A Convenção de Viena sobre Relações Diplomáticas não se constitui em tratado ou convenção internacional sobre direitos humanos, muito menos foi aprovada em cada Casa do Congresso Nacional em dois turnos por três quintos dos votos dos respectivos membros. Assim, esse diploma está longe de possuir status de emenda constitucional.
Daí, o Art. 31, 1, da Convenção de Viena sobre Relações Diplomáticas que disciplina que o agente diplomático goza de imunidade penal absoluta não foi recepcionado pela Constituição Federal de 1988, notadamente no que diz respeito à prática do tráfico ilícito de entorpecentes e drogas afins, o terrorismo e os definidos como crimes hediondos (homicídio, latrocínio, estupro etc).
Senão, vejamos:
“Art. 5º Todos são iguais perante a lei, sem distinção de qualquer natureza, garantindo-se aos brasileiros e aos estrangeiros residentes no País a inviolabilidade do direito à vida, à liberdade, à igualdade, à segurança e à propriedade, nos termos seguintes:
(...)
XXXV - a lei não excluirá da apreciação do Poder Judiciário lesão ou ameaça a direito;
(...)
XLIII - a lei considerará crimes inafiançáveis e insuscetíveis de graça ou anistia a prática da tortura, o tráfico ilícito de entorpecentes e drogas afins, o terrorismo e os definidos como crimes hediondos, por eles respondendo os mandantes, os executores e os que, podendo evitá-los, se omitirem”.
E além de sua inconstitucionalidade manifesta, o Art. 31, 1, da Convenção de Viena sobre Relações Diplomáticas não resiste ao controle de convencionalidade frente à Convenção Interamericana para Prevenir, Punir e Erradicar a Violência Contra a Mulher (Convenção de Belém do Pará) de 1994 e a Convenção para a Eliminação de Todas as Formas de Discriminação Contra a Mulher das Nações Unidas (CEDAW) de 1979. Estas duas últimas convenções, ao contrário da Convenção de Viena, possuem nítido conteúdo de promoção dos direitos humanos e, assim, possuem envergadura normativa de emendas constitucionais. Também podem ser consideradas o embrião da Lei Maria da Penha.
Atendendo aos reclamos da Organização dos Estados Americanos e da Organização das Nações Unidas, em 09 de março de 2015, o Brasil alterou o Art. 121 de seu Código Penal de 1940, para prever o feminicídio como circunstância qualificadora do crime de homicídio, incluindo-o no rol dos crimes hediondos.

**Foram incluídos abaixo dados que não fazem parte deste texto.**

lemma sylvester_two_roots_mult:
  fixes F G :: "'a::field poly"
  assumes Fa: "poly F a = 0" and Fb: "poly F b = 0" and ab: "a \<noteq> b" and Ga: "poly G a \<noteq> 0"
    and deg: "degree F \<ge> 2"
  defines "N \<equiv> degree F + degree G" and "n \<equiv> degree G"
  defines "S1 \<equiv> replace_col (sylvester_mat F G) (vec N (\<lambda>i. poly G a * root_power_col n N a i)) (N - 1)"
  shows "S1 *\<^sub>v vec N (\<lambda>j. if j = N - 1 then (poly G a - poly G b) / ((b - a) * poly G a)
                          else (b ^ (N - 1 - j) - a ^ (N - 1 - j)) / (b - a))
    = vec N (\<lambda>i. poly G b * ((root_power_col n N b i - root_power_col n N a i) / (b - a)))"
    (is "S1 *\<^sub>v vec N ?x = vec N ?y")
proof -
  define S where "S = sylvester_mat F G"
  define \<mu> where "\<mu> = (poly G a - poly G b) / ((b - a) * poly G a)"
  define d where "d = (\<lambda>j. (b ^ (N - 1 - j) - a ^ (N - 1 - j)) / (b - a))"
  have S: "S \<in> carrier_mat N N" unfolding S_def N_def by (rule sylvester_carrier_mat)
  have L: "N - 1 < N" using deg by (simp add: N_def)
  have S1: "S1 \<in> carrier_mat N N" using S by (simp add: S1_def S_def N_def replace_col_def)
  show ?thesis
  proof (rule eq_vecI)
    fix i assume "i < dim_vec (vec N ?y)"
    then have i: "i < N" by simp
    have "(S1 *\<^sub>v vec N ?x) $ i = (\<Sum>j\<in>{0..<N}. S1 $$ (i,j) * ?x j)"
      using i S1 by (simp add: scalar_prod_def)
    also have "\<dots> = (\<Sum>j\<in>{0..<N}. S $$ (i,j) * d j
        + (if j = N - 1 then poly G a * root_power_col n N a i * \<mu> else 0))"
      by (rule sum.cong) (use i S in \<open>auto simp: S1_def S_def replace_col_def d_def \<mu>_def\<close>)
    also have "\<dots> = (\<Sum>j\<in>{0..<N}. S $$ (i,j) * d j) + poly G a * root_power_col n N a i * \<mu>"
      using L by (simp add: sum.distrib)
    also have "(\<Sum>j\<in>{0..<N}. S $$ (i,j) * d j)
        = ((\<Sum>j\<in>{0..<N}. S $$ (i,j) * b ^ (N - 1 - j)) - (\<Sum>j\<in>{0..<N}. S $$ (i,j) * a ^ (N - 1 - j)))
          / (b - a)"
      by (simp add: d_def sum_subtractf[symmetric] sum_divide_distrib[symmetric] right_diff_distrib)
    also have "\<dots> = (poly G b * root_power_col n N b i - poly G a * root_power_col n N a i) / (b - a)"
      using sylvester_row_times_root_powers[OF Fa i[unfolded N_def]]
        sylvester_row_times_root_powers[OF Fb i[unfolded N_def]]
      by (simp add: S_def N_def n_def)
    also have "\<dots> + poly G a * root_power_col n N a i * \<mu>
        = poly G b * ((root_power_col n N b i - root_power_col n N a i) / (b - a))"
      using ab Ga by (simp add: \<mu>_def divide_simps) (simp add: algebra_simps)
    finally show "(S1 *\<^sub>v vec N ?x) $ i = vec N ?y $ i" using i by simp
  qed (use S1 in simp)
qed

text \<open>A second application of Cramer's rule, with the divided difference of the power
  vectors of two roots \<open>a \<noteq> b\<close>, pulls out \<open>G(b)\<close> as well.\<close>
lemma resultant_two_roots_factor:
  fixes F G :: "'a::field poly"
  assumes Fa: "poly F a = 0" and Fb: "poly F b = 0" and ab: "a \<noteq> b" and Ga: "poly G a \<noteq> 0"
    and deg: "degree F \<ge> 2"
  defines "N \<equiv> degree F + degree G" and "n \<equiv> degree G"
  shows "resultant F G = poly G a * poly G b *
    det (replace_col (replace_col (sylvester_mat F G)
        (vec N (\<lambda>i. (root_power_col n N b i - root_power_col n N a i) / (b - a))) (N - 2))
      (vec N (root_power_col n N a)) (N - 1))"
proof -
  define S where "S = sylvester_mat F G"
  define y where "y = (\<lambda>i. (root_power_col n N b i - root_power_col n N a i) / (b - a))"
  define S1 where "S1 = replace_col S (vec N (\<lambda>i. poly G a * root_power_col n N a i)) (N - 1)"
  have S: "S \<in> carrier_mat N N" unfolding S_def N_def by (rule sylvester_carrier_mat)
  have S1: "S1 \<in> carrier_mat N N" using S by (simp add: S1_def replace_col_def)
  have L: "N - 1 < N" "N - 2 < N" "N - 2 \<noteq> N - 1" using deg by (auto simp: N_def)
  have "resultant F G = det S1"
    using resultant_root_factor[OF Fa] deg det_replace_col_smult[OF S L(1)]
    by (simp add: resultant_def S_def S1_def N_def n_def)
  also have "\<dots> = det (replace_col S1 (vec N (\<lambda>i. poly G b * y i)) (N - 2))"
  proof -
    define x where "x = vec N (\<lambda>j. if j = N - 1 then (poly G a - poly G b) / ((b - a) * poly G a)
                          else (b ^ (N - 1 - j) - a ^ (N - 1 - j)) / (b - a))"
    have x: "x \<in> carrier_vec N" by (simp add: x_def)
    have "x $ (N - 2) = 1" using L ab by (simp add: x_def numeral_2_eq_2 Suc_diff_Suc)
    moreover have "S1 *\<^sub>v x = vec N (\<lambda>i. poly G b * y i)"
      unfolding x_def y_def S1_def S_def N_def n_def
      by (rule sylvester_two_roots_mult[OF Fa Fb ab Ga deg])
    ultimately show ?thesis using cramer_lemma_mat[OF S1 x L(2)] by simp
  qed
  also have "\<dots> = poly G b * det (replace_col S1 (vec N y) (N - 2))"
    by (rule det_replace_col_smult[OF S1 L(2)])
  also have "replace_col S1 (vec N y) (N - 2)
      = replace_col (replace_col S (vec N y) (N - 2)) (vec N (\<lambda>i. poly G a * root_power_col n N a i)) (N - 1)"
    by (rule eq_matI) (use L in \<open>auto simp: S1_def replace_col_def\<close>)
  also have "det \<dots> = poly G a * det (replace_col (replace_col S (vec N y) (N - 2)) (vec N (root_power_col n N a)) (N - 1))"
    by (rule det_replace_col_smult) (use S L in \<open>auto simp: replace_col_def\<close>)
  finally show ?thesis by (simp add: S_def y_def)
qed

Em conclusão, não existe em nossa legislação democrática atual qualquer imunidade penal conferida a agente diplomático, seja absoluta ou relativa, no caso da prática de crimes em solo brasileiro, notadamente nos casos de feminicídio, considerado hediondo.
Toda e qualquer forma de violência contra a mulher praticada no País deverá se submeter à competência indeclinável de nossa jurisdição, sob pena de afronta à Constituição Federal de 1988 e às Convenções de Direitos Humanos da Mulher subscritos pelo Brasil.